_EXERCISE INSTRUCTIONS:_ The answer must consist of every line from the entries that holds the word "Defs".

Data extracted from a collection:
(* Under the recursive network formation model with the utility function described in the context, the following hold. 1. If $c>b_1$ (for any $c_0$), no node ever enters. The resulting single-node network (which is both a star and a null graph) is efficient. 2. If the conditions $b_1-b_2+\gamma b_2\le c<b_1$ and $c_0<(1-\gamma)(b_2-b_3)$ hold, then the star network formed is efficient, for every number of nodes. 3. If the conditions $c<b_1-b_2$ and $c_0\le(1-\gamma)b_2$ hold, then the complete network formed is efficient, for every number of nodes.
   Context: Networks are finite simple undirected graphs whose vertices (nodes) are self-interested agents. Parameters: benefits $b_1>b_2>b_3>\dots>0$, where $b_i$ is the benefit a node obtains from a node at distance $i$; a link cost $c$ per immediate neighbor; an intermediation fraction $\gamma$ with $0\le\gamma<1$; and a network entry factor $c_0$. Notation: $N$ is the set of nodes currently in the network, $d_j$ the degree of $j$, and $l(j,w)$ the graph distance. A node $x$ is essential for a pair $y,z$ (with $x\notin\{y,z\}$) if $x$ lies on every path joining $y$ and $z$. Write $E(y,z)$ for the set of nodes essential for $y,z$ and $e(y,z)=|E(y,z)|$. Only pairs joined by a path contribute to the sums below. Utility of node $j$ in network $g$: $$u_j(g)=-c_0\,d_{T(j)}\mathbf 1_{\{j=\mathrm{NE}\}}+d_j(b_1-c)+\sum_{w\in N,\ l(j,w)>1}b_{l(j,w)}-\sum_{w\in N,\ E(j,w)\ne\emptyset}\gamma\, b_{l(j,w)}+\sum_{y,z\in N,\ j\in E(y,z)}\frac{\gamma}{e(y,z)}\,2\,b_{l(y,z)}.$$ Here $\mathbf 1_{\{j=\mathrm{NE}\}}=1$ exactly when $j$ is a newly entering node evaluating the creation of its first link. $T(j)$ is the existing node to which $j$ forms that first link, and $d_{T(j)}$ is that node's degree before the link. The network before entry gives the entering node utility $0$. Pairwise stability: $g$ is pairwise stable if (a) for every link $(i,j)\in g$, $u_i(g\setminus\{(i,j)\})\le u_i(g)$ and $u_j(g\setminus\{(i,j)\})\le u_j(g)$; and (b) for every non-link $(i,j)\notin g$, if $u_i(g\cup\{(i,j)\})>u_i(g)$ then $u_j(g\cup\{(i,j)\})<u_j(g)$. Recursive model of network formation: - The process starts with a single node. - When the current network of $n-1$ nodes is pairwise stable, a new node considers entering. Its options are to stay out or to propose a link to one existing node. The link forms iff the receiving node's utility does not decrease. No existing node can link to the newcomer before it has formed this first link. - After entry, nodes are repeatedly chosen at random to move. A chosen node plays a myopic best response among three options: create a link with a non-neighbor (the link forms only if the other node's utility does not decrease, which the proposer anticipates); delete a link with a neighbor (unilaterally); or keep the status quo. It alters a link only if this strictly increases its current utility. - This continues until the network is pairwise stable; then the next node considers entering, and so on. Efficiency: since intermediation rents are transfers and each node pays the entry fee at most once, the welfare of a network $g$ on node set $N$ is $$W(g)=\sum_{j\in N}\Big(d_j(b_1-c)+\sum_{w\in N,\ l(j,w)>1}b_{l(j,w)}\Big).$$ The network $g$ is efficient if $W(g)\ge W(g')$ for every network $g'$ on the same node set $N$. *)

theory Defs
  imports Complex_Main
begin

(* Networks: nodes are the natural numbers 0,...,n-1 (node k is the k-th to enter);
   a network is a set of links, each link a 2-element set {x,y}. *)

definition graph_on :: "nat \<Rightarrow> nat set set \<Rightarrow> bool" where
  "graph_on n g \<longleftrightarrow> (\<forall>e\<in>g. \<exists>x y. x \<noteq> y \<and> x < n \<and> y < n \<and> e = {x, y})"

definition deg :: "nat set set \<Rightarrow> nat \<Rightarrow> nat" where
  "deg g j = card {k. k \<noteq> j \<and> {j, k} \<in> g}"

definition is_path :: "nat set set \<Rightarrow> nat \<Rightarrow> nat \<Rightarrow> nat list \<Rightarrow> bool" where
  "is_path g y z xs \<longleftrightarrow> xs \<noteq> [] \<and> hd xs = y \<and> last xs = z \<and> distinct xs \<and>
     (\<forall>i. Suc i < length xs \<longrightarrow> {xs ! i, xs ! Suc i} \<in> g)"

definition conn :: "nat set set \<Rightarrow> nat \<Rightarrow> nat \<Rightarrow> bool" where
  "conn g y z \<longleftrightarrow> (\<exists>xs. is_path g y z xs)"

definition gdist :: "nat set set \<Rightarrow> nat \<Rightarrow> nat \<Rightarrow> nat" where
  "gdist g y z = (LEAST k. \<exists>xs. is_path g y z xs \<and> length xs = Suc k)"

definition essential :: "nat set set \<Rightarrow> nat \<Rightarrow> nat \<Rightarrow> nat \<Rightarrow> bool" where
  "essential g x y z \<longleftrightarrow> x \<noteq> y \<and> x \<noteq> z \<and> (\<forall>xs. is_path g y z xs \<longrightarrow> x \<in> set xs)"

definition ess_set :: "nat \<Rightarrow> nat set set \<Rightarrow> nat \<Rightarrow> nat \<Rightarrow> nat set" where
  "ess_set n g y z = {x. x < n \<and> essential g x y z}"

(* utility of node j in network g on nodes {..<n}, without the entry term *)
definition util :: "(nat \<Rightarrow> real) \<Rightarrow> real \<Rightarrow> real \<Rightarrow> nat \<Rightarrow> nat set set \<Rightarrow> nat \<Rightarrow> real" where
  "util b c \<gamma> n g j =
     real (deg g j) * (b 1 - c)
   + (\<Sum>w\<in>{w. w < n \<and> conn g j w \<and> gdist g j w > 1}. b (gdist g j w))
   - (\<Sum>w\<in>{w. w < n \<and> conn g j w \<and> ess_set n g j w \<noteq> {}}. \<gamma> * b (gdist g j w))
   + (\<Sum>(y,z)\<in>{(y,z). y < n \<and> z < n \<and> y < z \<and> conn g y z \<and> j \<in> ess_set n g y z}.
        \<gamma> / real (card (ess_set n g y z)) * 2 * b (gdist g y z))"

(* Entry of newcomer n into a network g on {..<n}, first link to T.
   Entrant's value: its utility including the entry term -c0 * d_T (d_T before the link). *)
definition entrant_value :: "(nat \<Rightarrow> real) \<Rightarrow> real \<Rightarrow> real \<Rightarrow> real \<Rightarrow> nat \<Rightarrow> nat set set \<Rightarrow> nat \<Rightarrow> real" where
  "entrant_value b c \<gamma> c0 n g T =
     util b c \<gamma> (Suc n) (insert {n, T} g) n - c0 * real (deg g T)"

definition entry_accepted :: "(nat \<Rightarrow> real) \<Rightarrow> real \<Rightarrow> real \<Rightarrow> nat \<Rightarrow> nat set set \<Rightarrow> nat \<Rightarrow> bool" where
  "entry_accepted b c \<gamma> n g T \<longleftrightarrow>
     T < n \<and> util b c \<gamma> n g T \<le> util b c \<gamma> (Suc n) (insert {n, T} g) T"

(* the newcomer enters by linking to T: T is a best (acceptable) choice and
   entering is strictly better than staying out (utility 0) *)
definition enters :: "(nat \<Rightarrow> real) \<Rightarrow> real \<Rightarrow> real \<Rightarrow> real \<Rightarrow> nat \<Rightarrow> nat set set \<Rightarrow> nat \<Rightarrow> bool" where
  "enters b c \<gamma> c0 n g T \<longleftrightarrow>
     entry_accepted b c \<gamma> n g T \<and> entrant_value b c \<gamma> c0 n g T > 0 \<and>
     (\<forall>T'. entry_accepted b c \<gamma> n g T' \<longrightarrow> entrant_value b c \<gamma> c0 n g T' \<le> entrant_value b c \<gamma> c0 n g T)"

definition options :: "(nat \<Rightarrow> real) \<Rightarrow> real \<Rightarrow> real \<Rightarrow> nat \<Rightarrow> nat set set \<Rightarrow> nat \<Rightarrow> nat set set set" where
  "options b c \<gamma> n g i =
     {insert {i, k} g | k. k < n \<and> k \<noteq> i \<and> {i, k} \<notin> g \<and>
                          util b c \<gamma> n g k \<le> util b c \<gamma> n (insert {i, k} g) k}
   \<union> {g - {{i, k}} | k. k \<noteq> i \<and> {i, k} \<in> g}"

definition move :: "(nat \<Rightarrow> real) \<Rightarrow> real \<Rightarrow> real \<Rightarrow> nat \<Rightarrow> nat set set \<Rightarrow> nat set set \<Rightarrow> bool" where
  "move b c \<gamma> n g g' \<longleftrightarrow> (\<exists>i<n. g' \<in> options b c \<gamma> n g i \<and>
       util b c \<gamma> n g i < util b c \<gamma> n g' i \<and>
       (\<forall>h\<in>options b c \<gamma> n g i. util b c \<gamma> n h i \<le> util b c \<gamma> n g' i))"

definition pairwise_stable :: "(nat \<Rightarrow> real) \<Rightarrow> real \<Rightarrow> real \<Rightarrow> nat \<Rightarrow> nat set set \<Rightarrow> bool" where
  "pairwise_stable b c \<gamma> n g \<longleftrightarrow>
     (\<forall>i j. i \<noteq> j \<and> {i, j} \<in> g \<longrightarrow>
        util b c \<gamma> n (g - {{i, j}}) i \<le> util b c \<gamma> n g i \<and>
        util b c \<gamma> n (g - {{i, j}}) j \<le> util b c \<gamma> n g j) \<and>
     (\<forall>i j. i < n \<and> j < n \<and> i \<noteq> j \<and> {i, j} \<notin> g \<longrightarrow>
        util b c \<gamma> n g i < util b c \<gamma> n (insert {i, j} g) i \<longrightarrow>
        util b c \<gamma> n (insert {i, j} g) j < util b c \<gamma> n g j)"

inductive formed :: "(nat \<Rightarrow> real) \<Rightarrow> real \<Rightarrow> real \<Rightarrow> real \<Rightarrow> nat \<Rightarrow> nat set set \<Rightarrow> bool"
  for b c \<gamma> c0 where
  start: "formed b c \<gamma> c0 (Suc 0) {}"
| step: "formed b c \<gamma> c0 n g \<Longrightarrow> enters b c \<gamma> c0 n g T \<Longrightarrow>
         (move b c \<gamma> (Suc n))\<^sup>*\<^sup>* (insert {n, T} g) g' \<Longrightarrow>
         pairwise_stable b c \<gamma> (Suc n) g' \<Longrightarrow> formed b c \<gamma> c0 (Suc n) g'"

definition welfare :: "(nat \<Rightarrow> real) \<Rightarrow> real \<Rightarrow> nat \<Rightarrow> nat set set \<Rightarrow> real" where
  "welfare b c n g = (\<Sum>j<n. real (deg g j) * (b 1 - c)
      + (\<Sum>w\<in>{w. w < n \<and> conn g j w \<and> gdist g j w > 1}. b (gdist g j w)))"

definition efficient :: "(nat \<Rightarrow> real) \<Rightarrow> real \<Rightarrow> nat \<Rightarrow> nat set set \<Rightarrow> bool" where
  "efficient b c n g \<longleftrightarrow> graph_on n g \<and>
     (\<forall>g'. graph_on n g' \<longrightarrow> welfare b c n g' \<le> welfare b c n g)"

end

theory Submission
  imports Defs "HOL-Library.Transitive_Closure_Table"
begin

_EXERCISE OUTPUT:_
theory Defs
  imports Defs "HOL-Library.Transitive_Closure_Table"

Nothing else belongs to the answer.